Пропавшие в Бермудии
Началась гражданская война, в результате которой погибло по несколько сотен людей с обеих сторон.
Правители поняли, что результат получается нулевым и скоро вопрос будет исчерпан в связи с исчерпанностью населения.
Тогда был образовано Центральное Рациональное Управление, которое управляло страной вместе с королем и Председателями. Воцарился покой. Убийства и покушения стали крайне редкими, причем уничтожение сторонника считалось гораздо менее тяжким преступлением, чем уничтожение врага, так как последнее могло опять привести к вооруженному конфликту.
После Второй мировой войны население пополнилось – и вновь стало около полутора тысяч.
Нахлынули новинки индустриальной, а потом постиндустриальной эпохи, жители увлеклись ими и даже на время забыли о желании вернуться.

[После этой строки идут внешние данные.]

(* Let a group $G$ act on a connected weighted simplicial complex $\Omega$ on $[n]$ and let $d_0,\ldots,d_n$ be positive integers with $d_i=d_j$ whenever $i,j$ lie in the same $G$-orbit. Then for every $M\in\mathbb C^{d_0}\otimes\cdots\otimes\mathbb C^{d_n}$: (i) ${\rm rank}_{(\Omega,G)}(M)\leq{\rm nn\text{-}rank}_{(\Omega,G)}(M)$; (ii) ${\rm psd\text{-}rank}_{(\Omega,G)}(M)\leq{\rm nn\text{-}rank}_{(\Omega,G)}(M)$; (iii) ${\rm rank}_{(\Omega,G)}(M)\leq{\rm psd\text{-}rank}_{(\Omega,G)}(M)^2$.
   Context: Write $M=\sum_{i_0,\ldots,i_n}m_{i_0\ldots i_n}e_{i_0}\otimes\cdots\otimes e_{i_n}$ with standard basis vectors $e_j$. $[n]=\{0,\ldots,n\}$. A weighted simplicial complex (wsc) on $[n]$ is a function $\Omega\colon\mathcal P([n])\to\mathbb N=\{0,1,\ldots\}$ with $S_1\subseteq S_2\Rightarrow\Omega(S_1)\mid\Omega(S_2)$; simplices have $\Omega(S)\neq0$, singletons are simplices, facets are inclusion-maximal simplices, $\mathcal F$ the set of facets, $\widetilde{\mathcal F}$ the multiset containing each facet $F$ exactly $\Omega(F)$ times with collapse map $c$, $\widetilde{\mathcal F}_i$ the copies of facets containing $i$. $\Omega$ is connected if any two vertices are joined by a chain of vertices in which consecutive ones share a facet. A group action of $G$ on $\Omega$ is an action on $[n]$ with $\Omega(gS)=\Omega(S)$, plus an action on $\widetilde{\mathcal F}$ with $c(gx)=gc(x)$. For $\beta\colon\widetilde{\mathcal F}_i\to\mathcal I$, ${}^g\beta\colon\widetilde{\mathcal F}_{gi}\to\mathcal I$ is $x\mapsto\beta(g^{-1}x)$; $\alpha_{\mid i}$ is restriction of $\alpha\colon\widetilde{\mathcal F}\to\mathcal I$ to $\widetilde{\mathcal F}_i$. An $(\Omega,G)$-decomposition of $M$ is a finite set $\mathcal I$ and local vectors $w^{[i]}_\beta\in\mathbb C^{d_i}$ ($\beta\in\mathcal I^{\widetilde{\mathcal F}_i}$) with $M=\sum_{\alpha\in\mathcal I^{\widetilde{\mathcal F}}}w^{[0]}_{\alpha_{\mid0}}\otimes\cdots\otimes w^{[n]}_{\alpha_{\mid n}}$ and $w^{[i]}_\beta=w^{[gi]}_{{}^g\beta}$ for all $i,g,\beta$; ${\rm rank}_{(\Omega,G)}(M)$ is the minimal $|\mathcal I|$. ${\rm nn\text{-}rank}_{(\Omega,G)}(M)$ is the minimal $|\mathcal I|$ over such decompositions whose local vectors have real nonnegative entries. A positive semidefinite $(\Omega,G)$-decomposition of $M$ is a finite set $\mathcal I$ and psd matrices $E^{[i]}_j\in{\rm Mat}_{\mathcal I^{\widetilde{\mathcal F}_i}}(\mathbb C)$ ($i\in[n]$, $j=1,\ldots,d_i$) with $(E^{[gi]}_j)_{{}^g\beta,{}^g\beta'}=(E^{[i]}_j)_{\beta,\beta'}$ for all $i,g,j,\beta,\beta'$ and $m_{i_0\ldots i_n}=\sum_{\alpha,\alpha'\in\mathcal I^{\widetilde{\mathcal F}}}\prod_{k=0}^n(E^{[k]}_{i_k})_{\alpha_{\mid k},\alpha'_{\mid k}}$ for all $i_0,\ldots,i_n$; ${\rm psd\text{-}rank}_{(\Omega,G)}(M)$ is the minimal $|\mathcal I|$. Each rank is $\infty$ if no corresponding decomposition exists. *)

theory Defs
  imports "HOL-Algebra.Group_Action" "HOL-Library.Extended_Nat"
begin

(* Vertices are 0..n. A wsc is Omega :: nat set => nat, only consulted on subsets of {..n}. *)
definition wsc :: "nat \<Rightarrow> (nat set \<Rightarrow> nat) \<Rightarrow> bool" where
  "wsc n \<Omega> \<longleftrightarrow> (\<forall>S1 S2. S1 \<subseteq> S2 \<and> S2 \<subseteq> {..n} \<longrightarrow> \<Omega> S1 dvd \<Omega> S2)
                 \<and> (\<forall>i\<le>n. \<Omega> {i} \<noteq> 0)"

definition simplex :: "nat \<Rightarrow> (nat set \<Rightarrow> nat) \<Rightarrow> nat set \<Rightarrow> bool" where
  "simplex n \<Omega> S \<longleftrightarrow> S \<subseteq> {..n} \<and> \<Omega> S \<noteq> 0"

definition facets :: "nat \<Rightarrow> (nat set \<Rightarrow> nat) \<Rightarrow> nat set set" where
  "facets n \<Omega> = {F. simplex n \<Omega> F \<and> (\<forall>S. simplex n \<Omega> S \<and> F \<subseteq> S \<longrightarrow> S = F)}"

(* multiset of facets: facet F appears as copies (F,0),...,(F,Omega F - 1); collapse map is fst *)
definition Ftilde :: "nat \<Rightarrow> (nat set \<Rightarrow> nat) \<Rightarrow> (nat set \<times> nat) set" where
  "Ftilde n \<Omega> = {(F, k). F \<in> facets n \<Omega> \<and> k < \<Omega> F}"

definition Ftilde_at :: "nat \<Rightarrow> (nat set \<Rightarrow> nat) \<Rightarrow> nat \<Rightarrow> (nat set \<times> nat) set" where
  "Ftilde_at n \<Omega> i = {x \<in> Ftilde n \<Omega>. i \<in> fst x}"

definition wsc_connected :: "nat \<Rightarrow> (nat set \<Rightarrow> nat) \<Rightarrow> bool" where
  "wsc_connected n \<Omega> \<longleftrightarrow>
     (\<forall>i\<le>n. \<forall>j\<le>n. (\<lambda>a b. \<exists>F\<in>facets n \<Omega>. a \<in> F \<and> b \<in> F)\<^sup>*\<^sup>* i j)"

definition wsc_group_action ::
  "nat \<Rightarrow> (nat set \<Rightarrow> nat) \<Rightarrow> ('g, 'm) monoid_scheme \<Rightarrow> ('g \<Rightarrow> nat \<Rightarrow> nat)
    \<Rightarrow> ('g \<Rightarrow> nat set \<times> nat \<Rightarrow> nat set \<times> nat) \<Rightarrow> bool" where
  "wsc_group_action n \<Omega> G \<phi> \<psi> \<longleftrightarrow>
     wsc n \<Omega> \<and> group_action G {..n} \<phi>
     \<and> (\<forall>g\<in>carrier G. \<forall>S. S \<subseteq> {..n} \<longrightarrow> \<Omega> (\<phi> g ` S) = \<Omega> S)
     \<and> group_action G (Ftilde n \<Omega>) \<psi>
     \<and> (\<forall>g\<in>carrier G. \<forall>x\<in>Ftilde n \<Omega>. fst (\<psi> g x) = \<phi> g ` fst x)"

(* index set I = {..<r}; local index beta : Ftilde_i -> I *)
definition loc_idx :: "nat \<Rightarrow> (nat set \<Rightarrow> nat) \<Rightarrow> nat \<Rightarrow> nat \<Rightarrow> ((nat set \<times> nat) \<Rightarrow> nat) set" where
  "loc_idx n \<Omega> r i = Ftilde_at n \<Omega> i \<rightarrow>\<^sub>E {..<r}"

definition glob_idx :: "nat \<Rightarrow> (nat set \<Rightarrow> nat) \<Rightarrow> nat \<Rightarrow> ((nat set \<times> nat) \<Rightarrow> nat) set" where
  "glob_idx n \<Omega> r = Ftilde n \<Omega> \<rightarrow>\<^sub>E {..<r}"

definition res :: "nat \<Rightarrow> (nat set \<Rightarrow> nat) \<Rightarrow> ((nat set \<times> nat) \<Rightarrow> nat) \<Rightarrow> nat \<Rightarrow> ((nat set \<times> nat) \<Rightarrow> nat)" where
  "res n \<Omega> \<alpha> i = restrict \<alpha> (Ftilde_at n \<Omega> i)"

definition gact ::
  "nat \<Rightarrow> (nat set \<Rightarrow> nat) \<Rightarrow> ('g, 'm) monoid_scheme \<Rightarrow> ('g \<Rightarrow> nat \<Rightarrow> nat)
    \<Rightarrow> ('g \<Rightarrow> nat set \<times> nat \<Rightarrow> nat set \<times> nat) \<Rightarrow> 'g \<Rightarrow> nat
    \<Rightarrow> ((nat set \<times> nat) \<Rightarrow> nat) \<Rightarrow> ((nat set \<times> nat) \<Rightarrow> nat)" where
  "gact n \<Omega> G \<phi> \<psi> g i \<beta> = restrict (\<lambda>x. \<beta> (\<psi> (inv\<^bsub>G\<^esub> g) x)) (Ftilde_at n \<Omega> (\<phi> g i))"

(* multi-indices (i_0,...,i_n) of C^{d_0} (x) ... (x) C^{d_n}; tensors are M :: (nat => nat) => complex *)
definition tidx :: "nat \<Rightarrow> (nat \<Rightarrow> nat) \<Rightarrow> (nat \<Rightarrow> nat) set" where
  "tidx n d = PiE {..n} (\<lambda>k. {..<d k})"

Но попривыкли, натешились – и вопрос встал еще острее.
И вот уже в течение многих лет, каждый год, в День летнего равноденствия, население собирается на центральной площади. Все молча стоят и смотрят в небо. Задача одна: мысленно сформулировать четкое (на уровне да-нет) желание вернуться либо остаться. Пока получалось так: большинство на словах хотело вернуться, но после многочасового стояния бермудяне уныло разбредались – опять не получилось!

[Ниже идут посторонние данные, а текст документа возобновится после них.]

(* Let $n\geq 2$ and let $(A,\cdot,[\cdot,\ldots,\cdot])$ be a transposed Poisson $n$-Lie algebra with $[A,\ldots,A]=A$. Then every ideal $I\neq A$ of the $n$-Lie algebra $(A,[\cdot,\ldots,\cdot])$ is a quasi-ideal, i.e. satisfies $[I,A,\ldots,A]\subseteq I$ and $[A\cdot I,A,\ldots,A]\subseteq I$.
   Context: An $n$-Lie algebra is a vector space $L$ with an $n$-linear skew-symmetric bracket satisfying $[[x_1,\ldots,x_n],y_2,\ldots,y_n]=\sum_{i=1}^n[x_1,\ldots,x_{i-1},[x_i,y_2,\ldots,y_n],x_{i+1},\ldots,x_n]$. A transposed Poisson $n$-Lie algebra (over $\mathbb{C}$) is a triple $(A,\cdot,[\cdot,\ldots,\cdot])$ where $(A,\cdot)$ is commutative associative, $(A,[\cdot,\ldots,\cdot])$ is an $n$-Lie algebra, and $n\,h\,[a_1,\ldots,a_n]=\sum_{i=1}^n[a_1,\ldots,h a_i,\ldots,a_n]$ for all $h,a_i\in A$. An ideal of the $n$-Lie algebra is a subspace $I$ with $[I,A,\ldots,A]\subseteq I$. A quasi-ideal of the transposed Poisson $n$-Lie algebra is a proper subspace $I\subsetneq A$ with $[I,A,\ldots,A]\subseteq I$ and $[A\cdot I,A,\ldots,A]\subseteq I$, where $A\cdot I$ is the span of products $au$, $a\in A,u\in I$, and $[A,\ldots,A]$ is the span of all brackets. *)

theory Defs
  imports "HOL-Analysis.Analysis"
begin

definition bilinear_op :: "(complex \<Rightarrow> 'a::ab_group_add \<Rightarrow> 'a) \<Rightarrow> ('a \<Rightarrow> 'a \<Rightarrow> 'a) \<Rightarrow> bool" where
  "bilinear_op sc m \<longleftrightarrow>
     (\<forall>x y z. m (x + y) z = m x z + m y z) \<and>
     (\<forall>x y z. m x (y + z) = m x y + m x z) \<and>
     (\<forall>c x y. m (sc c x) y = sc c (m x y)) \<and>
     (\<forall>c x y. m x (sc c y) = sc c (m x y))"

definition comm_assoc_algebra :: "(complex \<Rightarrow> 'a::ab_group_add \<Rightarrow> 'a) \<Rightarrow> ('a \<Rightarrow> 'a \<Rightarrow> 'a) \<Rightarrow> bool" where
  "comm_assoc_algebra sc m \<longleftrightarrow>
     vector_space sc \<and> bilinear_op sc m \<and>
     (\<forall>x y. m x y = m y x) \<and> (\<forall>x y z. m (m x y) z = m x (m y z))"

text \<open>n-ary brackets are functions on lists; only lists of length n are meaningful.\<close>
definition multilinear :: "(complex \<Rightarrow> 'a::ab_group_add \<Rightarrow> 'a) \<Rightarrow> nat \<Rightarrow> ('a list \<Rightarrow> 'a) \<Rightarrow> bool" where
  "multilinear sc n br \<longleftrightarrow>
     (\<forall>xs i x y. length xs = n \<longrightarrow> i < n \<longrightarrow>
        br (xs[i := x + y]) = br (xs[i := x]) + br (xs[i := y])) \<and>
     (\<forall>xs i c x. length xs = n \<longrightarrow> i < n \<longrightarrow>
        br (xs[i := sc c x]) = sc c (br (xs[i := x])))"

definition skew_symmetric :: "nat \<Rightarrow> ('a::ab_group_add list \<Rightarrow> 'a) \<Rightarrow> bool" where
  "skew_symmetric n br \<longleftrightarrow>
     (\<forall>xs i j. length xs = n \<longrightarrow> i < n \<longrightarrow> j < n \<longrightarrow> i \<noteq> j \<longrightarrow>
        br (xs[i := xs ! j, j := xs ! i]) = - br xs)"

text \<open>Filippov identity:
 [[x_1..x_n],y_2..y_n] = sum_i [x_1..,[x_i,y_2..y_n],..x_n]; ys = [y_2,...,y_n].\<close>
definition filippov_identity :: "nat \<Rightarrow> ('a::ab_group_add list \<Rightarrow> 'a) \<Rightarrow> bool" where
  "filippov_identity n br \<longleftrightarrow>
     (\<forall>xs ys. length xs = n \<longrightarrow> length ys = n - 1 \<longrightarrow>
        br (br xs # ys) = (\<Sum>i<n. br (xs[i := br ((xs ! i) # ys)])))"

definition n_lie_algebra :: "(complex \<Rightarrow> 'a::ab_group_add \<Rightarrow> 'a) \<Rightarrow> nat \<Rightarrow> ('a list \<Rightarrow> 'a) \<Rightarrow> bool" where
  "n_lie_algebra sc n br \<longleftrightarrow>
     vector_space sc \<and> multilinear sc n br \<and> skew_symmetric n br \<and> filippov_identity n br"

definition transposed_poisson_n_lie :: "(complex \<Rightarrow> 'a::ab_group_add \<Rightarrow> 'a) \<Rightarrow> nat \<Rightarrow>
    ('a \<Rightarrow> 'a \<Rightarrow> 'a) \<Rightarrow> ('a list \<Rightarrow> 'a) \<Rightarrow> bool" where
  "transposed_poisson_n_lie sc n m br \<longleftrightarrow>
     comm_assoc_algebra sc m \<and> n_lie_algebra sc n br \<and>
     (\<forall>h as. length as = n \<longrightarrow>
        sc (of_nat n) (m h (br as)) = (\<Sum>i<n. br (as[i := m h (as ! i)])))"

definition bracket_span :: "(complex \<Rightarrow> 'a::ab_group_add \<Rightarrow> 'a) \<Rightarrow> ('a list \<Rightarrow> 'a) \<Rightarrow> 'a set list \<Rightarrow> 'a set" where
  "bracket_span sc br Xs =
     module.span sc {br xs | xs. length xs = length Xs \<and> (\<forall>i < length Xs. xs ! i \<in> Xs ! i)}"

definition prod_span :: "(complex \<Rightarrow> 'a::ab_group_add \<Rightarrow> 'a) \<Rightarrow> ('a \<Rightarrow> 'a \<Rightarrow> 'a) \<Rightarrow> 'a set \<Rightarrow> 'a set" where
  "prod_span sc m I = module.span sc {m a u | a u. u \<in> I}"

definition n_lie_ideal :: "(complex \<Rightarrow> 'a::ab_group_add \<Rightarrow> 'a) \<Rightarrow> nat \<Rightarrow> ('a list \<Rightarrow> 'a) \<Rightarrow> 'a set \<Rightarrow> bool" where
  "n_lie_ideal sc n br I \<longleftrightarrow>
     module.subspace sc I \<and> bracket_span sc br (I # replicate (n - 1) UNIV) \<subseteq> I"

definition quasi_ideal :: "(complex \<Rightarrow> 'a::ab_group_add \<Rightarrow> 'a) \<Rightarrow> nat \<Rightarrow> ('a \<Rightarrow> 'a \<Rightarrow> 'a) \<Rightarrow>
    ('a list \<Rightarrow> 'a) \<Rightarrow> 'a set \<Rightarrow> bool" where
  "quasi_ideal sc n m br I \<longleftrightarrow>
     module.subspace sc I \<and> I \<noteq> UNIV \<and>
     bracket_span sc br (I # replicate (n - 1) UNIV) \<subseteq> I \<and>
     bracket_span sc br (prod_span sc m I # replicate (n - 1) UNIV) \<subseteq> I"

end

theory Submission
  imports Defs
begin

text \<open>Fix u \<in> I and h \<in> A, and write x ~ y for x - y \<in> I. In a bracket with an entry
from I, all terms of the transposed Poisson identity but one lie in I, so
n h [.., u, ..] ~ [.., h u, ..]. For P = [u, [y_1..y_n], a_3..a_n] and
X = [h u, [y_1..y_n], a_3..a_n] this gives n h P ~ X. Expanding P instead by skew-symmetry and
the Filippov identity into the brackets [y_1.., [y_i, u, a_3..a_n], ..y_n] and applying the same
congruence twice to each of them gives n^2 h P ~ X. Hence (n - 1) X \<in> I, so X \<in> I as
n \<ge> 2. Since A = [A..A], the second slot of X ranges over all of A, and linearity in the first
slot extends this to [A \<cdot> I, A..A] \<subseteq> I.\<close>

locale n_lie_with_ideal =
  fixes sc :: "complex \<Rightarrow> 'a::ab_group_add \<Rightarrow> 'a"
    and n :: nat
    and br :: "'a list \<Rightarrow> 'a"
    and I :: "'a set"
  assumes n_lie: "n_lie_algebra sc n br"
    and ideal: "n_lie_ideal sc n br I"
begin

Естественно, синие, то есть сторонники возвращения (синий – цвет неба и свободы), подозревали зеленых (зеленый – цвет травы, листвы, земного изобилия) в кознях, но не могли понять, в чем они состоят.
Сейчас как раз приближался очередной День равноденствия.
Естественно, политическая борьба обострилась. Она была тайной – открытую вражду запрещали. Но что-то зрело. Что-то нехорошее.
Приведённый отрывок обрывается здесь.